[Xapian-discuss] XAPIAN_FLUSH_THRESHOLD

Tue Jun 12 00:00:38 BST 2007

On Mon, Jun 11, 2007 at 02:42:33PM -0700, Kevin Duraj wrote:
> I have been using to index XAPIAN_FLUSH_THRESHOLD for 10 million
> documents over 6 months and it works fine and fast until the Xapian
> version 1.0. It used to take 50 minutes to index 10 million documents.
> By installing Xapian 1.0.0.  ... now 10 million documents takes approx
> 16 hours to index. I was looking for bugs in my code but saw that very
> little memory has been used even when threshold was set to 10 million.

This doesn't make sense to me.  Yes, the compression will use more CPU
time, but it shouldn't make much difference to the process size.

A lot of things changed in Xapian 1.0.0, not just compression.  So it
would be useful if you could profile so we can actually see where the
extra time is spent, rather than just guessing.

If you're on Linux, the best tool seems to be oprofile, because it
samples the whole system (kernel and userland).  I believe a 2.6
kernel is needed for best results - just run your indexer under oprofile
with the callgraph enabled (call opcontrol with --callgraph=12 or
some suitable stack depth, then run opreport with --callgraph).

This should show exactly where the extra time is being sent.

> I have installed Xapian 1.0.1 it seems to be using more memory that is
> good.

There weren't any relevant changes to flint between 1.0.0 and 1.0.1
so it seems unlikely you'd see any real difference.

> What might be large for you is small for others.

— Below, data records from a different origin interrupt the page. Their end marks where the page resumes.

(* Let $H=(V,E)$ be a hypergraph whose vertex set $V$ is a partition of $[n]$ into sets of cardinality at least $2$, and suppose $H$ is downward-closed (for every $e\in E$ and every $e'\subseteq e$ with $|e'|>1$, $e'\in E$). Then \[\operatorname{aff}\mathrm{MC}^H=\Big\{w\in\mathbb{R}^{\mathcal{J}^H}\ \Big|\ w(I)=1\ \forall I\in V;\ \ w_J=\sum_{J'\in\mathcal{J}^{e'}:\, J'\supsetneq J}w_{J'}\ \ \forall e,e'\in L(V)\cup E \text{ with } e\subsetneq e',\ |e'|=|e|+1,\ \forall J\in\mathcal{J}^e\Big\}.\]
   Context: Let $n$ be a positive integer, $[n]=\{1,\dots,n\}$. A hypergraph $H=(V,E)$ here has as vertex set $V$ a family of pairwise disjoint subsets of $[n]$, each of cardinality at least $2$, and hyperedge set $E$ consisting of subsets $e\subseteq V$ with $|e|\ge 2$. Write $L(V)=\{\{I\}: I\in V\}$. For a nonempty $e\subseteq V$, $\mathcal{J}^e$ denotes the family of sets $J\subseteq \bigcup_{I\in e} I$ with $|J\cap I|=1$ for every $I\in e$. Let $\mathcal{J}^H=\bigcup_{e\in L(V)\cup E}\mathcal{J}^e$. For $w\in\mathbb{R}^{\mathcal{J}^H}$ write $w_i=w_{\{i\}}$ and $w(A)=\sum_{i\in A}w_i$. Let $\mathscr{S}^H=\{w\in\{0,1\}^{\mathcal{J}^H}: w(I)=1\ \forall I\in V;\ w_J=\prod_{i\in J}w_i\ \forall J\in\mathcal{J}^H, |J|>1\}$, $\mathrm{MC}^H=\operatorname{conv}\mathscr{S}^H$, and $\operatorname{aff}$ denotes affine hull. *)

theory Defs
  imports "HOL-Analysis.Analysis" "HOL-Library.Function_Algebras"
begin

instantiation "fun" :: (type, real_vector) real_vector
begin
definition scaleR_fun :: "real \<Rightarrow> ('a \<Rightarrow> 'b) \<Rightarrow> 'a \<Rightarrow> 'b"
  where "scaleR_fun r f = (\<lambda>x. r *\<^sub>R f x)"
instance
  by standard (auto simp: scaleR_fun_def fun_eq_iff scaleR_add_right scaleR_add_left)
end
lemma measure_interval_times_interval:
  fixes p q y z :: real
  assumes "p \<le> q" "y \<le> z"
  shows "measure lebesgue ({p..q} \<times> {y..z}) = (q - p) * (z - y)"
proof -
  have "{p..q} \<times> {y..z} = cbox (p, y) (q, z)" by (simp add: cbox_Pair_eq)
  then show ?thesis using assms by (simp add: content_Pair)
qed

lemma lmeasurable_interval_times_interval: "{p..q::real} \<times> {y..z::real} \<in> lmeasurable"
  by (metis cbox_Pair_eq interval_cbox lmeasurable_cbox)

lemma interval_times_interval_not_null:
  fixes p q y z :: real
  assumes "p < q" "y < z"
  shows "{p..q} \<times> {y..z} \<notin> null_sets lebesgue"
  using measure_eq_0_null_sets measure_interval_times_interval[of p q y z] assms by fastforce

lemma measure_Un_negligible_Int:
  assumes "S \<in> lmeasurable" "T \<in> lmeasurable" "negligible (S \<inter> T)"
  shows "measure lebesgue (S \<union> T) = measure lebesgue S + measure lebesgue T"
  using measure_Un3[OF assms(1,2)] negligible_imp_measure0[OF assms(3)] by simp

lemma lmeasurable_Int_interval_times_closed:
  assumes "E \<in> sets lebesgue" "bounded E" "closed Y"
  shows "E \<inter> ({p..q::real} \<times> Y) \<in> lmeasurable"
proof -
  have "closed ({p..q} \<times> Y)" using assms(3) by (simp add: closed_Times)
  then show ?thesis using assms(1,2) by (intro bounded_set_imp_lmeasurable) (auto intro: bounded_Int)
qed

lemma negligible_fst_eq: "negligible {x :: real \<times> real. fst x = q}"
  using negligible_hyperplane[of "(1, 0) :: real \<times> real" q] by (simp add: inner_prod_def zero_prod_def)

lemma negligible_snd_eq: "negligible {x :: real \<times> real. snd x = q}"
  using negligible_hyperplane[of "(0, 1) :: real \<times> real" q] by (simp add: inner_prod_def zero_prod_def)

lemma lower_mass_le:
  assumes "E \<in> sets lebesgue" "bounded E" "0 \<le> e" "\<And>x. x \<in> E \<Longrightarrow> -e \<le> snd x" "p \<le> q"
  shows "lower_mass E p q \<le> e * (q - p)"
proof -
  have "lower_mass E p q \<le> measure lebesgue ({p..q} \<times> {-e..0})"
    unfolding lower_mass_def using assms(1,2,4) lmeasurable_Int_interval_times_closed[OF assms(1,2)]
    by (intro measure_mono_fmeasurable) (auto intro: fmeasurableD lmeasurable_interval_times_interval)
  also have "\<dots> = e * (q - p)" using assms(3,5) by (simp add: measure_interval_times_interval)
  finally show ?thesis .
qed

lemma lower_mass_additive:
  assumes "E \<in> sets lebesgue" "bounded E" "p \<le> q" "q \<le> r"
  shows "lower_mass E p r = lower_mass E p q + lower_mass E q r"
proof -
  have "E \<inter> ({p..r} \<times> {..0}) = E \<inter> ({p..q} \<times> {..0}) \<union> E \<inter> ({q..r} \<times> {..0})"
    using assms(3,4) by auto
  moreover have "negligible (E \<inter> ({p..q} \<times> {..0}) \<inter> (E \<inter> ({q..r} \<times> {..0})))"
    by (rule negligible_subset[OF negligible_fst_eq[of q]]) auto
  ultimately show ?thesis unfolding lower_mass_def using assms(1,2)
    by (simp add: measure_Un_negligible_Int lmeasurable_Int_interval_times_closed)
qed

lemma measure_lower_box_Un_upper_part:
  assumes "E \<in> sets lebesgue" "bounded E" "p \<le> q" "0 \<le> R"
  shows "measure lebesgue ({p..q} \<times> {-R..0} \<union> E \<inter> ({p..q} \<times> {0..}))
    = R * (q - p) + upper_mass E p q"
proof -
  have "negligible ({p..q} \<times> {-R..0} \<inter> (E \<inter> ({p..q} \<times> {0..})))"
    by (rule negligible_subset[OF negligible_snd_eq[of 0]]) auto
  then show ?thesis unfolding upper_mass_def using assms
    by (simp add: measure_Un_negligible_Int lmeasurable_Int_interval_times_closed
        lmeasurable_interval_times_interval measure_interval_times_interval)
qed

lemma measure_upper_box_Un_lower_part:
  assumes "E \<in> sets lebesgue" "bounded E" "p \<le> q" "0 \<le> R"
  shows "measure lebesgue ({p..q} \<times> {0..R} \<union> E \<inter> ({p..q} \<times> {..0}))
    = R * (q - p) + lower_mass E p q"
proof -
  have "negligible ({p..q} \<times> {0..R} \<inter> (E \<inter> ({p..q} \<times> {..0})))"
    by (rule negligible_subset[OF negligible_snd_eq[of 0]]) auto
  then show ?thesis unfolding lower_mass_def using assms
    by (simp add: measure_Un_negligible_Int lmeasurable_Int_interval_times_closed
        lmeasurable_interval_times_interval measure_interval_times_interval mult.commute)
qed

lemma bounded_imp_snd_bound:
  fixes E :: "(real \<times> real) set"
  assumes "bounded E"
  obtains K where "0 < K" "\<And>x. x \<in> E \<Longrightarrow> \<bar>snd x\<bar> \<le> K"
proof -
  obtain K where K: "0 < K" "\<And>x. x \<in> E \<Longrightarrow> norm x \<le> K" using assms bounded_pos by metis
  have "\<bar>snd x\<bar> \<le> K" if "x \<in> E" for x
    using norm_snd_le[of "snd x" "fst x"] K(2)[OF that] by simp
  then show ?thesis using that K(1) by blast
qed
(* Let $N\ge 2$, let $\rho_1,\dots,\rho_N$ be two-qubit density operators, $\rho_k$ acting on qubits $((k-1)_2,k_1)$, and let $\rho_{\mathrm{in}}=\bigotimes_{k=1}^N\rho_k$. Let $\mathcal P$ be any swap-and-correct protocol for the chain, with induced non-postselected swapping channel $\Lambda_{\mathcal P}$, and let $\mathcal B_{[N]}(\rho_{\mathrm{in}})=\bigotimes_{k=1}^N\mathcal B(\rho_k)$ (each $\mathcal B$ acting on the two qubits of $\rho_k$). Then $$\mathcal B\big(\Lambda_{\mathcal P}(\rho_{\mathrm{in}})\big)=\Lambda_{\mathcal P}\big(\mathcal B_{[N]}(\rho_{\mathrm{in}})\big)=\Lambda_{\mathrm{seq}}\big(\mathcal B_{[N]}(\rho_{\mathrm{in}})\big),$$ where $\mathcal B$ on the left acts on the output qubits $(0_2,N_1)$ and $\mathrm{seq}$ is the sequential swapping protocol. In particular this quantity does not depend on $\mathcal P$.
   Context: Bell states: $|\Psi_{mn}\rangle=(I_2\otimes X^mZ^n)\tfrac{1}{\sqrt2}(|00\rangle+|11\rangle)$, $m,n\in\{0,1\}$, with $X,Y,Z$ the Pauli matrices. Bell-diagonal twirl of a two-qubit state: $\mathcal B(\rho)=\tfrac14\sum_{P\in\{I,X,Y,Z\}}(P\otimes P)\rho(P\otimes P)^\dagger$; it equals $\sum_{m,n}\langle\Psi_{mn}|\rho|\Psi_{mn}\rangle\,|\Psi_{mn}\rangle\langle\Psi_{mn}|$. Let $A=\{I,X,Z,XZ\}$. Repeater chain: nodes $0,1,\dots,N$; end node $0$ holds qubit $0_2$, end node $N$ holds qubit $N_1$, each repeater node $k\in\{1,\dots,N-1\}$ holds qubits $k_1,k_2$. A syndrome is $\vec s=(s_1,\dots,s_{N-1})\in A^{N-1}$, where $s_k=X^mZ^n$ records that the Bell-state measurement (BSM) at node $k$ on $(k_1,k_2)$ projected onto $|\Psi_{mn}\rangle_{k_1k_2}$; write $|\Psi_{s_k}\rangle$ for this state. A swap-and-correct protocol is a map $\mathcal P:A^{N-1}\to A^{N+1}$, $\vec s\mapsto(\mathcal P_0(\vec s),\dots,\mathcal P_N(\vec s))$, with $\mathcal P_k(\vec s)$ the Pauli correction applied at node $k$ (for repeater nodes, to qubit $k_1$, before its BSM), such that (A) there is a permutation $\alpha$ of $\{1,\dots,N-1\}$ (the order of the BSMs) such that for each $k$, $\mathcal P_{\alpha(k)}(\vec s)$ depends only on $s_{\alpha(1)},\dots,s_{\alpha(k-1)}$; and (B) for every syndrome $\vec s$, the normalised output obtained from $|\Psi_{00}\rangle\langle\Psi_{00}|^{\otimes N}$ is $|\Psi_{00}\rangle\langle\Psi_{00}|$ on $(0_2,N_1)$. For a syndrome $\vec s$ define $\Lambda_{\mathcal P,\vec s}(\rho)=\mathrm{Tr}_{\text{repeater qubits}}\big[\big(\bigotimes_{k=1}^{N-1}|\Psi_{s_k}\rangle\langle\Psi_{s_k}|_{k_1k_2}\big)C_{\vec s}\rho C_{\vec s}^\dagger\big]$, where $C_{\vec s}$ applies $\mathcal P_0(\vec s)$ to $0_2$, $\mathcal P_N(\vec s)$ to $N_1$ and $\mathcal P_k(\vec s)$ to $k_1$ for $1\le k\le N-1$; the non-postselected swapping channel is $\Lambda_{\mathcal P}=\sum_{\vec s\in A^{N-1}}\Lambda_{\mathcal P,\vec s}$, with output on qubits $(0_2,N_1)$. The sequential protocol $\mathrm{seq}$ has $\mathcal P_0(\vec s)=\mathcal P_1(\vec s)=I$ and $\mathcal P_k(\vec s)=s_{k-1}$ for $k=2,\dots,N$. *)

theory Defs
  imports Complex_Main "HOL-Library.FuncSet"
begin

I want to be
> able to index 1 billion of documents in reasonable time.

Incidentally, you'll probably get there fastest by building a number of
smaller databases and merging them using xapian-compact.

> Either Xapian 1.0 does not take in account the threshold or the
> compression that was introduced takes too much time. We need to have
> option in environmental variable to disable any compression.

Perhaps.  More likely the thresholds at which to use the compression
just need tuning, as I've said before.

The most obvious value to play with is COMPRESS_MIN in
backends/flint/flint_table.cc which is currently 4.  I've not tried
experimenting with different values, so it would be interesting to
see some real world benchmarks.

> - I do not care how large the index is, and that compression reduce the 
> size.
> - I care how much time it takes to index 10-100 million of documents
> per one index.

There is a connection between the two though.  Up to a point,
compression will increase indexing speed, because disks are slow
compared to CPUs and RAM.

Cheers,
    Olly